COMMENTARY: A New Year’s Resolution for Pundits

c. 2004 Religion News Service (UNDATED) In discussing news coverage of religion in 2004, a modified version of Winston Churchill’s famous words applies: Never in the history of reporting on religion has so large and consistent a distortion been imposed on so many by so few. Most religion writers are as seasoned to the human […]

c. 2004 Religion News Service

(UNDATED) In discussing news coverage of religion in 2004, a modified version of Winston Churchill’s famous words applies: Never in the history of reporting on religion has so large and consistent a distortion been imposed on so many by so few.

Most religion writers are as seasoned to the human condition as old pastors. They have seen everything and, if they forget little, they forgive a lot. Because they understand the nature and subtleties of the experience of faith in the great religious institutions, they _ unlike many mainstream media pundits _ do not write the kind of shorthand and shortsighted accounts of belief that have appeared so often in a year in which faith was front and center in everything from politics to the movies.


It was a year in which Catholic candidate John Kerry was challenged by Catholic religious leaders over his position on abortion. The bishops who raised questions made headlines, and were dismissed by pundits, many of them Catholic, for, imagine this, having the audacity to speak out on a religious issue.

This was the year Mel Gibson’s “The Passion of the Christ” ignited a media uproar, led largely by the New York Times’ Frank Rich, who condemned the film as anti-Semitic, a charge that even many rabbis thought unsustainable. But ordinary people flocked to see it as the kind of message for which they had been hungering.

Yet, as in the abortion debate, Church authorities were almost uniformly presented as antediluvian oligarchs trying to force their own ideas onto everybody else.

But it was religion itself that suffered most. By year’s end religion had been reduced to a vast right-wing conspiracy bent on establishing a theocracy in America. Christianity, a broad, rich and inclusive religious tradition, had been blurred in popular coverage into a dangerous fundamentalist sect, especially with a president who acknowledged the influence of Jesus in his life and the importance of his faith in making difficult decisions. In short, Christianity has been reduced to the fascist fantasy of the narrow-minded, uninformed and prejudiced masses.

If this is all that some editors know about religion, about which they pontificate regularly, what do they really know about politics, terrorism, the energy crisis, global warming, or how you should vote, on which they also pontificate confidently every day?

While Christianity was being editorially distorted in some places, it was make-nice time with the Muslim faith that is generally characterized as misunderstood and, indeed, be-nice time with those splinter Muslim terrorists who really believe in making a theocracy out of the world.

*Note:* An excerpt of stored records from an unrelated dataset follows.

lemma contract_pd_divergence_eq_0:
  fixes M :: "real^'n::finite \<Rightarrow> 'n list \<Rightarrow> real"
  assumes V: "open V" "x \<in> V" and \<psi>: "Ck 2 V \<psi>"
    and M_diff: "\<And>as. (\<lambda>y. M y as) differentiable (at x)"
    and annihilates: "\<And>y cs. y \<in> V \<Longrightarrow> length cs = Suc (length bs) \<Longrightarrow>
                        contract (grad \<psi> y) (M y) cs (Suc j) = 0"
    and antisym: "\<And>a b. M x (a # bs[j := b]) = - M x (b # bs[j := a])"
    and j: "j < length bs"
  shows "contract (grad \<psi> x) (\<lambda>cs. \<Sum>a\<in>UNIV. pd a (\<lambda>y. M y (a # cs)) x) bs j = 0"
proof -
  have "\<forall>i. pd i \<psi> differentiable_on V"
    using \<psi> by (simp add: numeral_2_eq_2)
  then have pd_\<psi>_diff: "pd b \<psi> differentiable (at x)" for b
    using V differentiable_on_eq_differentiable_at by blast
  have product_rule: "(\<Sum>b\<in>UNIV. pd b \<psi> x * pd a (\<lambda>y. M y (a # bs[j := b])) x)
      = - (\<Sum>b\<in>UNIV. pd a (pd b \<psi>) x * M x (a # bs[j := b]))" for a
    by (rule pd_sum_mult_vanishing[where f = "\<lambda>b. pd b \<psi>" and g = "\<lambda>b y. M y (a # bs[j := b])", OF V])
       (use pd_\<psi>_diff M_diff annihilates[of _ "a # bs"] j in \<open>auto simp: contract_def grad_def\<close>)
  have "contract (grad \<psi> x) (\<lambda>cs. \<Sum>a\<in>UNIV. pd a (\<lambda>y. M y (a # cs)) x) bs j
      = (\<Sum>b\<in>UNIV. \<Sum>a\<in>UNIV. pd b \<psi> x * pd a (\<lambda>y. M y (a # bs[j := b])) x)"
    unfolding contract_def grad_def by (simp add: sum_distrib_left)
  also have "\<dots> = (\<Sum>a\<in>UNIV. \<Sum>b\<in>UNIV. pd b \<psi> x * pd a (\<lambda>y. M y (a # bs[j := b])) x)"
    by (rule sum.swap)
  also have "\<dots> = - (\<Sum>a\<in>UNIV. \<Sum>b\<in>UNIV. pd a (pd b \<psi>) x * M x (a # bs[j := b]))"
    by (simp add: product_rule sum_negf)
  also have "(\<Sum>a\<in>UNIV. \<Sum>b\<in>UNIV. pd a (pd b \<psi>) x * M x (a # bs[j := b])) = 0"
    by (rule sum_sym_antisym_eq_0[OF pd_commute[OF V \<psi>] antisym])
  finally show ?thesis
    by simp
qed

lemma contract_christoffel_slot_eq_0:
  fixes M :: "'n::finite list \<Rightarrow> real" and \<Gamma> :: "'n \<Rightarrow> 'n \<Rightarrow> 'n \<Rightarrow> real"
  assumes annihilates: "\<And>cs. length cs = Suc (length bs) \<Longrightarrow> contract w M cs (Suc j) = 0"
    and antisym: "\<And>a b. M (a # bs[j := b]) = - M (b # bs[j := a])"
    and \<Gamma>_sym: "\<And>a b c. \<Gamma> a b c = \<Gamma> a c b"
    and j: "j < length bs"
  shows "(\<Sum>b\<in>UNIV. w $ b * (\<Sum>a\<in>UNIV. \<Sum>e\<in>UNIV.
           \<Gamma> ((a # bs[j := b]) ! m) a e * M ((a # bs[j := b])[m := e]))) = 0"
proof (cases "m = Suc j")
  case True
  have "(\<Sum>a\<in>UNIV. \<Sum>e\<in>UNIV. \<Gamma> ((a # bs[j := b]) ! m) a e * M ((a # bs[j := b])[m := e])) = 0" for b
  proof -
    have "(\<Sum>a\<in>UNIV. \<Sum>e\<in>UNIV. \<Gamma> ((a # bs[j := b]) ! m) a e * M ((a # bs[j := b])[m := e]))
        = (\<Sum>a\<in>UNIV. \<Sum>e\<in>UNIV. \<Gamma> b a e * M (a # bs[j := e]))"
      using True j by simp
    also have "\<dots> = 0"
      by (rule sum_sym_antisym_eq_0) (use \<Gamma>_sym antisym in blast)+
    finally show ?thesis .
  qed
  then show ?thesis
    by simp
next
  case False
  have "(\<Sum>a\<in>UNIV. \<Sum>e\<in>UNIV. \<Gamma> ((a # bs[j := b]) ! m) a e * M ((a # bs[j := b])[m := e]))
      = (\<Sum>a\<in>UNIV. \<Sum>e\<in>UNIV. \<Gamma> ((a # bs) ! m) a e * M (((a # bs)[m := e])[Suc j := b]))" for b
    using False by (intro sum.cong refl) (cases m; auto simp: list_update_swap)
  then have "(\<Sum>b\<in>UNIV. w $ b * (\<Sum>a\<in>UNIV. \<Sum>e\<in>UNIV.
           \<Gamma> ((a # bs[j := b]) ! m) a e * M ((a # bs[j := b])[m := e])))
      = (\<Sum>b\<in>UNIV. \<Sum>a\<in>UNIV. \<Sum>e\<in>UNIV. \<Gamma> ((a # bs) ! m) a e * (w $ b * M (((a # bs)[m := e])[Suc j := b])))"
    by (simp add: sum_distrib_left mult.left_commute)
  also have "\<dots> = (\<Sum>a\<in>UNIV. \<Sum>b\<in>UNIV. \<Sum>e\<in>UNIV. \<Gamma> ((a # bs) ! m) a e * (w $ b * M (((a # bs)[m := e])[Suc j := b])))"
    by (rule sum.swap)
  also have "\<dots> = (\<Sum>a\<in>UNIV. \<Sum>e\<in>UNIV. \<Sum>b\<in>UNIV. \<Gamma> ((a # bs) ! m) a e * (w $ b * M (((a # bs)[m := e])[Suc j := b])))"
    by (rule sum.cong[OF refl], rule sum.swap)
  also have "\<dots> = (\<Sum>a\<in>UNIV. \<Sum>e\<in>UNIV. \<Gamma> ((a # bs) ! m) a e * contract w M ((a # bs)[m := e]) (Suc j))"
    by (simp add: contract_def sum_distrib_left)
  also have "\<dots> = 0"
  proof -
    have "contract w M ((a # bs)[m := e]) (Suc j) = 0" for a e
      by (rule annihilates) (simp only: length_list_update length_Cons)
    then show ?thesis
      by (simp only: mult_zero_right sum.neutral_const)
  qed
  finally show ?thesis .
qed

lemma contract_christoffel_divergence_eq_0:
  fixes M :: "'n::finite list \<Rightarrow> real" and \<Gamma> :: "'n \<Rightarrow> 'n \<Rightarrow> 'n \<Rightarrow> real"
  assumes annihilates: "\<And>cs. length cs = Suc (length bs) \<Longrightarrow> contract w M cs (Suc j) = 0"
    and antisym: "\<And>a b. M (a # bs[j := b]) = - M (b # bs[j := a])"
    and \<Gamma>_sym: "\<And>a b c. \<Gamma> a b c = \<Gamma> a c b"
    and j: "j < length bs"
  shows "contract w (\<lambda>cs. \<Sum>a\<in>UNIV. \<Sum>m<length (a # cs). \<Sum>e\<in>UNIV.
           \<Gamma> ((a # cs) ! m) a e * M ((a # cs)[m := e])) bs j = 0"
proof -
  define n where "n = Suc (length bs)"
  have "contract w (\<lambda>cs. \<Sum>a\<in>UNIV. \<Sum>m<length (a # cs). \<Sum>e\<in>UNIV.
           \<Gamma> ((a # cs) ! m) a e * M ((a # cs)[m := e])) bs j
      = (\<Sum>b\<in>UNIV. \<Sum>a\<in>UNIV. \<Sum>m<n. w $ b * (\<Sum>e\<in>UNIV. \<Gamma> ((a # bs[j := b]) ! m) a e * M ((a # bs[j := b])[m := e])))"
    by (simp only: contract_def n_def length_Cons length_list_update sum_distrib_left)
  also have "\<dots> = (\<Sum>b\<in>UNIV. \<Sum>m<n. \<Sum>a\<in>UNIV. w $ b * (\<Sum>e\<in>UNIV. \<Gamma> ((a # bs[j := b]) ! m) a e * M ((a # bs[j := b])[m := e])))"
    by (rule sum.cong[OF refl], rule sum.swap)
  also have "\<dots> = (\<Sum>m<n. \<Sum>b\<in>UNIV. w $ b * (\<Sum>a\<in>UNIV. \<Sum>e\<in>UNIV.
           \<Gamma> ((a # bs[j := b]) ! m) a e * M ((a # bs[j := b])[m := e])))"
    unfolding sum_distrib_left by (rule sum.swap)
  also have "\<dots> = 0"
    by (intro sum.neutral ballI contract_christoffel_slot_eq_0[where \<Gamma> = \<Gamma>, OF annihilates antisym \<Gamma>_sym j])
  finally show ?thesis .
qed

lemma christoffel_sym:
  fixes g :: "real^'n::finite \<Rightarrow> real^'n^'n"
  assumes U: "open U" "x \<in> U" and sym: "\<forall>y\<in>U. transpose (g y) = g y"
  shows "christoffel g x a b c = christoffel g x a c b"
proof -
  have "g y $ b $ c = g y $ c $ b" if "y \<in> U" for y
  proof -
    have "transpose (g y) $ c $ b = g y $ c $ b"
      using sym that by simp
    then show ?thesis
      by (simp add: transpose_def)
  qed
  then have "pd e (\<lambda>y. g y $ b $ c) x = pd e (\<lambda>y. g y $ c $ b) x" for e
    by (rule pd_cong_open[OF U])
  then show ?thesis
    unfolding christoffel_def by (simp add: add.commute)
qed

lemma contract_cov_div_eq_0:
  fixes M :: "real^'n::finite \<Rightarrow> 'n list \<Rightarrow> real"
  assumes V: "open V" "x \<in> V" and \<psi>: "Ck 2 V \<psi>"
    and M_diff: "\<And>as. (\<lambda>y. M y as) differentiable (at x)"
    and annihilates: "\<And>y cs. y \<in> V \<Longrightarrow> length cs = Suc (length bs) \<Longrightarrow>
                        contract (grad \<psi> y) (M y) cs (Suc j) = 0"
    and antisym: "\<And>a b. M x (a # bs[j := b]) = - M x (b # bs[j := a])"
    and \<Gamma>_sym: "\<And>a b c. christoffel g x a b c = christoffel g x a c b"
    and j: "j < length bs"
  shows "contract (grad \<psi> x) (cov_div g M x) bs j = 0"
proof -
  let ?P = "\<lambda>cs. \<Sum>a\<in>UNIV. pd a (\<lambda>y. M y (a # cs)) x"
  let ?C = "\<lambda>cs. \<Sum>a\<in>UNIV. \<Sum>m<length (a # cs). \<Sum>e\<in>UNIV.
              christoffel g x ((a # cs) ! m) a e * M x ((a # cs)[m := e])"
  have "cov_div g M x = (\<lambda>cs. ?P cs + ?C cs)"
    by (simp add: cov_div_def fun_eq_iff sum.distrib)
  then have "contract (grad \<psi> x) (cov_div g M x) bs j = contract (grad \<psi> x) ?P bs j + contract (grad \<psi> x) ?C bs j"
    by (simp only: contract_add)
  also have "\<dots> = 0"
    using contract_pd_divergence_eq_0[OF V \<psi> M_diff annihilates antisym j]
      contract_christoffel_divergence_eq_0[where \<Gamma> = "christoffel g x", OF annihilates[OF V(2)] antisym \<Gamma>_sym j]
    by (simp only: add_0)
  finally show ?thesis .
qed

section \<open>Leaves of the deformation\<close>

lemma lowered_tangent_in_span:
  fixes g :: "real^'n::finite \<Rightarrow> real^'n^'n" and \<psi> :: "nat \<Rightarrow> real^'n \<Rightarrow> real"
  assumes inv: "invertible (g x)" and sym: "transpose (g x) = g x"
    and t: "tangent_vec \<Phi> k x t"
    and normal: "{v. \<forall>i<m. grad (\<psi> i) x \<bullet> v = 0} = normal_space g \<Phi> k x"
  shows "g x *v t \<in> span ((\<lambda>i. grad (\<psi> i) x) ` {..<m})"
proof (rule orthogonal_orthogonal_imp_in_span)
  fix z assume "\<forall>w\<in>(\<lambda>i. grad (\<psi> i) x) ` {..<m}. w \<bullet> z = 0"
  then have z: "z \<in> normal_space g \<Phi> k x"
    using normal by auto
  have "(g x *v t) \<bullet> (ginv g x *v grad (\<Phi> l) x) = 0" if "l < k" for l
  proof -
    have "(g x *v t) \<bullet> (ginv g x *v grad (\<Phi> l) x) = t \<bullet> (g x *v (ginv g x *v grad (\<Phi> l) x))"
      using sym dot_lmul_matrix[of t "g x"] transpose_matrix_vector[of "g x" t] by simp
    also have "\<dots> = t \<bullet> grad (\<Phi> l) x"
      using inv by (simp add: ginv_def matrix_vector_mul_assoc invertible_matrix_inv)
    finally show ?thesis
      using t that by (simp add: tangent_vec_def inner_commute)
  qed
  then have "normal_space g \<Phi> k x \<subseteq> {z. (g x *v t) \<bullet> z = 0}"
    unfolding normal_space_def by (intro span_minimal subspace_hyperplane) auto
  then show "(g x *v t) \<bullet> z = 0"
    using z by blast
qed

Immature religion deserves criticism, but mature religion at least deserves recognition as a powerful positive force in the lives of individuals and the community. Mature religion was described as intrinsic by the late Harvard psychologist Gordon Allport. Many in the news media are covering the immature or extrinsic religion that people inherit along with the grandfather clock and worn Bible and which they never examine or internalize. Extrinsic religion, research shows, pretends to know all the answers and is compatible with prejudice. Intrinsic religion opens people to more questions and allows no place for prejudice of any kind.


Extrinsic religion is a superficial imitation of intrinsic religion, and some editors are therefore amazed when people say that, yes, my religion is important to me and I take its teachings to love my neighbor and to work for peace and justice seriously. Those who take religion seriously must be some kind of nuts, they suggest, dismissing them without making any distinctions about the substance of their faith.

That, of course, is why experts are still trying to explain the November elections so that they won’t have to re-examine themselves and what they believe and what guides their decisions. They are now reinterpreting the expressed concern of a majority of Americans for moral values so that it is not a function of religion.

This need to dilute the authority of intrinsic faith must be very stressful for some media pundits. The best resolution they can make is to learn something about religion so that they can stop embarrassing themselves in their coverage of it in the coming year.

MO/RB RNS END

(Eugene Cullen Kennedy, a longtime observer of the Roman Catholic Church, is professor emeritus of psychology at Loyola University in Chicago and author of “Cardinal Bernardin’s Stations of the Cross,” published by St. Martin’s Press.)